# What to produce
The output should be all entries, each matching the original exactly.

# Dataset
text \<open>
  Test recurrence on the neighbourhood of \<open>z \<mapsto> z - c\<close> on the unit disc around the fixed point
  \<open>c\<close>, comparing \<open>f\<close> and \<open>f \<circ> \<phi>\<^sup>k\<close> at \<open>c + a\<^sup>k w\<close> and \<open>c + w\<close>.
\<close>
lemma recurrent_comp_op_affine_power_near_id:
  assumes rec: "recurrent H_C (comp_op (\<lambda>z. a * z + b))" and "a \<noteq> 1" and "\<epsilon> > 0"
  obtains k where "k > 0" "\<And>w. cmod w \<le> 1 \<Longrightarrow> cmod (a ^ k * w) \<le> 1 \<Longrightarrow> cmod (a ^ k * w - w) < \<epsilon>"
proof -
  define c where "c = b / (1 - a)"
  have c_fixed: "a * c + b = c" using \<open>a \<noteq> 1\<close> unfolding c_def by (simp add: field_simps)
  define U where "U = {f \<in> entire_fns. \<forall>z\<in>cball c 1. cmod (f z - (z - c)) < \<epsilon> / 2}"
  have "ucc_open U"
    unfolding U_def by (intro ucc_open_uniform_ball) (auto intro!: continuous_intros)
  moreover have "(\<lambda>z. z - c) \<in> U"
    unfolding U_def entire_fns_def using \<open>\<epsilon> > 0\<close> by (auto intro!: holomorphic_intros)
  ultimately obtain k f where k: "k > 0" and "f \<in> U" "(comp_op (\<lambda>z. a * z + b) ^^ k) f \<in> U"
    using rec unfolding recurrent_H_C_iff by blast
  then have f: "cmod (f z - (z - c)) < \<epsilon> / 2" and fk: "cmod (f (c + a ^ k * (z - c)) - (z - c)) < \<epsilon> / 2"
    if "z \<in> cball c 1" for z
    using that unfolding U_def comp_op_funpow funpow_affine_fixpoint[OF c_fixed] by auto
  have "cmod (a ^ k * w - w) < \<epsilon>" if "cmod w \<le> 1" "cmod (a ^ k * w) \<le> 1" for w
  proof -
    have "cmod (f (c + a ^ k * w) - a ^ k * w) < \<epsilon> / 2" "cmod (f (c + a ^ k * w) - w) < \<epsilon> / 2"
      using f[of "c + a ^ k * w"] fk[of "c + w"] that by (auto simp: dist_norm)
    then show ?thesis
      using norm_triangle_ineq4[of "f (c + a ^ k * w) - w" "f (c + a ^ k * w) - a ^ k * w"] by simp
  qed
  then show ?thesis using that k by blast
qed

# Expected output
text \<open>
  Test recurrence on the neighbourhood of \<open>z \<mapsto> z - c\<close> on the unit disc around the fixed point
  \<open>c\<close>, comparing \<open>f\<close> and \<open>f \<circ> \<phi>\<^sup>k\<close> at \<open>c + a\<^sup>k w\<close> and \<open>c + w\<close>.
\<close>
lemma recurrent_comp_op_affine_power_near_id:
  assumes rec: "recurrent H_C (comp_op (\<lambda>z. a * z + b))" and "a \<noteq> 1" and "\<epsilon> > 0"
  obtains k where "k > 0" "\<And>w. cmod w \<le> 1 \<Longrightarrow> cmod (a ^ k * w) \<le> 1 \<Longrightarrow> cmod (a ^ k * w - w) < \<epsilon>"
proof -
  define c where "c = b / (1 - a)"
  have c_fixed: "a * c + b = c" using \<open>a \<noteq> 1\<close> unfolding c_def by (simp add: field_simps)
  define U where "U = {f \<in> entire_fns. \<forall>z\<in>cball c 1. cmod (f z - (z - c)) < \<epsilon> / 2}"
  have "ucc_open U"
    unfolding U_def by (intro ucc_open_uniform_ball) (auto intro!: continuous_intros)
  moreover have "(\<lambda>z. z - c) \<in> U"
    unfolding U_def entire_fns_def using \<open>\<epsilon> > 0\<close> by (auto intro!: holomorphic_intros)
  ultimately obtain k f where k: "k > 0" and "f \<in> U" "(comp_op (\<lambda>z. a * z + b) ^^ k) f \<in> U"
    using rec unfolding recurrent_H_C_iff by blast
  then have f: "cmod (f z - (z - c)) < \<epsilon> / 2" and fk: "cmod (f (c + a ^ k * (z - c)) - (z - c)) < \<epsilon> / 2"
    if "z \<in> cball c 1" for z
    using that unfolding U_def comp_op_funpow funpow_affine_fixpoint[OF c_fixed] by auto
  have "cmod (a ^ k * w - w) < \<epsilon>" if "cmod w \<le> 1" "cmod (a ^ k * w) \<le> 1" for w
  proof -
    have "cmod (f (c + a ^ k * w) - a ^ k * w) < \<epsilon> / 2" "cmod (f (c + a ^ k * w) - w) < \<epsilon> / 2"
      using f[of "c + a ^ k * w"] fk[of "c + w"] that by (auto simp: dist_norm)
    then show ?thesis
      using norm_triangle_ineq4[of "f (c + a ^ k * w) - w" "f (c + a ^ k * w) - a ^ k * w"] by simp
  qed
  then show ?thesis using that k by blast
qed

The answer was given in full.